> _TASK INSTRUCTIONS_: Copy out every entry, keeping each character the same.

> _RECORDS FOR THIS EXERCISE_:
definition tail_width :: "nat \<Rightarrow> real" where
  "tail_width n = 2 * Vmax * \<gamma> ^ n"

lemma Vmax_pos: "0 < Vmax"
  using discount_less_1 Rmax_pos by (simp add: Vmax_def)

lemma Rmax_add_discount_Vmax: "Rmax + \<gamma> * Vmax = Vmax"
  using discount_less_1 by (simp add: Vmax_def field_simps)

lemma tail_width_nonneg: "0 \<le> tail_width n"
  using Vmax_pos discount_nonneg by (simp add: tail_width_def)

lemma tail_width_Suc: "tail_width (Suc n) = \<gamma> * tail_width n"
  by (simp add: tail_width_def)

lemma tail_width_tendsto_0: "tail_width \<longlonglongrightarrow> 0"
  unfolding tail_width_def using discount_nonneg discount_less_1
  by (intro tendsto_mult_right_zero LIMSEQ_power_zero) simp

lemma horizon_Suc: "horizon (Suc n) x a = dist_bellman \<gamma> p \<pi> R (horizon n) x a"
  by (simp add: dist_bellman_def)

lemma bounded_horizon: "bounded_distribution Vmax (horizon n x a)"
proof (induction n arbitrary: x a)
  case 0
  have "real_distribution (return borel (0::real))"
    by (simp add: real_distribution_def real_distribution_axioms_def prob_space_return)
  moreover have "cdf (return borel (0::real)) t = (if 0 \<le> t then 1 else 0)" for t
    unfolding cdf_def by (simp add: measure_return)
  ultimately show ?case
    using Vmax_pos by (simp add: bounded_distribution_def)
next
  case (Suc n)
  have "bounded_distribution (Rmax + \<gamma> * Vmax) (dist_bellman \<gamma> p \<pi> R (horizon n) x a)"
    by (rule bounded_dist_bellman[OF Suc.IH real_distribution_reward reward_bounded discount_nonneg])
  then show ?case
    unfolding horizon_Suc Rmax_add_discount_Vmax .
qed

lemma real_distribution_horizon: "real_distribution (horizon n x a)"
  using bounded_horizon by (simp add: bounded_distribution_def)

(* Any two laws supported in [-Vmax, Vmax] are 2 Vmax-shift close, and each Bellman step
   shrinks the shift by the factor \<gamma>. *)
lemma horizon_shift_close: "cdf_shift_close (tail_width n) (horizon (n + m) x a) (horizon n x a)"
proof (induction n arbitrary: x a)
  case 0
  show ?case
    using bounded_distribution_cdf_shift_close[OF bounded_horizon bounded_horizon less_imp_le[OF Vmax_pos]]
    by (simp add: tail_width_def del: horizon_return.simps)
next
  case (Suc n)
  then show ?case
    unfolding cdf_shift_close_def add_Suc horizon_Suc tail_width_Suc
    by (metis cdf_dist_bellman_shift real_distribution_horizon real_distribution_reward discount_nonneg)
qed

(* Shifting a horizon CDF to the right by the width of the discarded discounted tail bounds the
   CDF of the full return from above; the best such bound is that CDF itself. *)
definition return_cdf :: "'s \<Rightarrow> 'a \<Rightarrow> real \<Rightarrow> real" where
  "return_cdf x a t = (INF n. cdf (horizon n x a) (t + tail_width n))"

lemma bdd_below_horizon_cdf: "bdd_below (range (\<lambda>n. cdf (horizon n x a) (t + tail_width n)))"
  by (rule bdd_belowI[of _ 0]) (auto intro: real_distribution_cdf_nonneg real_distribution_horizon)

lemma return_cdf_le: "return_cdf x a t \<le> cdf (horizon n x a) (t + tail_width n)"
  unfolding return_cdf_def by (rule cINF_lower[OF bdd_below_horizon_cdf]) simp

> _RESPONSE TO THIS TASK_:
definition tail_width :: "nat \<Rightarrow> real" where
  "tail_width n = 2 * Vmax * \<gamma> ^ n"

lemma Vmax_pos: "0 < Vmax"
  using discount_less_1 Rmax_pos by (simp add: Vmax_def)

lemma Rmax_add_discount_Vmax: "Rmax + \<gamma> * Vmax = Vmax"
  using discount_less_1 by (simp add: Vmax_def field_simps)

lemma tail_width_nonneg: "0 \<le> tail_width n"
  using Vmax_pos discount_nonneg by (simp add: tail_width_def)

lemma tail_width_Suc: "tail_width (Suc n) = \<gamma> * tail_width n"
  by (simp add: tail_width_def)

lemma tail_width_tendsto_0: "tail_width \<longlonglongrightarrow> 0"
  unfolding tail_width_def using discount_nonneg discount_less_1
  by (intro tendsto_mult_right_zero LIMSEQ_power_zero) simp

lemma horizon_Suc: "horizon (Suc n) x a = dist_bellman \<gamma> p \<pi> R (horizon n) x a"
  by (simp add: dist_bellman_def)

lemma bounded_horizon: "bounded_distribution Vmax (horizon n x a)"
proof (induction n arbitrary: x a)
  case 0
  have "real_distribution (return borel (0::real))"
    by (simp add: real_distribution_def real_distribution_axioms_def prob_space_return)
  moreover have "cdf (return borel (0::real)) t = (if 0 \<le> t then 1 else 0)" for t
    unfolding cdf_def by (simp add: measure_return)
  ultimately show ?case
    using Vmax_pos by (simp add: bounded_distribution_def)
next
  case (Suc n)
  have "bounded_distribution (Rmax + \<gamma> * Vmax) (dist_bellman \<gamma> p \<pi> R (horizon n) x a)"
    by (rule bounded_dist_bellman[OF Suc.IH real_distribution_reward reward_bounded discount_nonneg])
  then show ?case
    unfolding horizon_Suc Rmax_add_discount_Vmax .
qed

lemma real_distribution_horizon: "real_distribution (horizon n x a)"
  using bounded_horizon by (simp add: bounded_distribution_def)

(* Any two laws supported in [-Vmax, Vmax] are 2 Vmax-shift close, and each Bellman step
   shrinks the shift by the factor \<gamma>. *)
lemma horizon_shift_close: "cdf_shift_close (tail_width n) (horizon (n + m) x a) (horizon n x a)"
proof (induction n arbitrary: x a)
  case 0
  show ?case
    using bounded_distribution_cdf_shift_close[OF bounded_horizon bounded_horizon less_imp_le[OF Vmax_pos]]
    by (simp add: tail_width_def del: horizon_return.simps)
next
  case (Suc n)
  then show ?case
    unfolding cdf_shift_close_def add_Suc horizon_Suc tail_width_Suc
    by (metis cdf_dist_bellman_shift real_distribution_horizon real_distribution_reward discount_nonneg)
qed

(* Shifting a horizon CDF to the right by the width of the discarded discounted tail bounds the
   CDF of the full return from above; the best such bound is that CDF itself. *)
definition return_cdf :: "'s \<Rightarrow> 'a \<Rightarrow> real \<Rightarrow> real" where
  "return_cdf x a t = (INF n. cdf (horizon n x a) (t + tail_width n))"

lemma bdd_below_horizon_cdf: "bdd_below (range (\<lambda>n. cdf (horizon n x a) (t + tail_width n)))"
  by (rule bdd_belowI[of _ 0]) (auto intro: real_distribution_cdf_nonneg real_distribution_horizon)

lemma return_cdf_le: "return_cdf x a t \<le> cdf (horizon n x a) (t + tail_width n)"
  unfolding return_cdf_def by (rule cINF_lower[OF bdd_below_horizon_cdf]) simp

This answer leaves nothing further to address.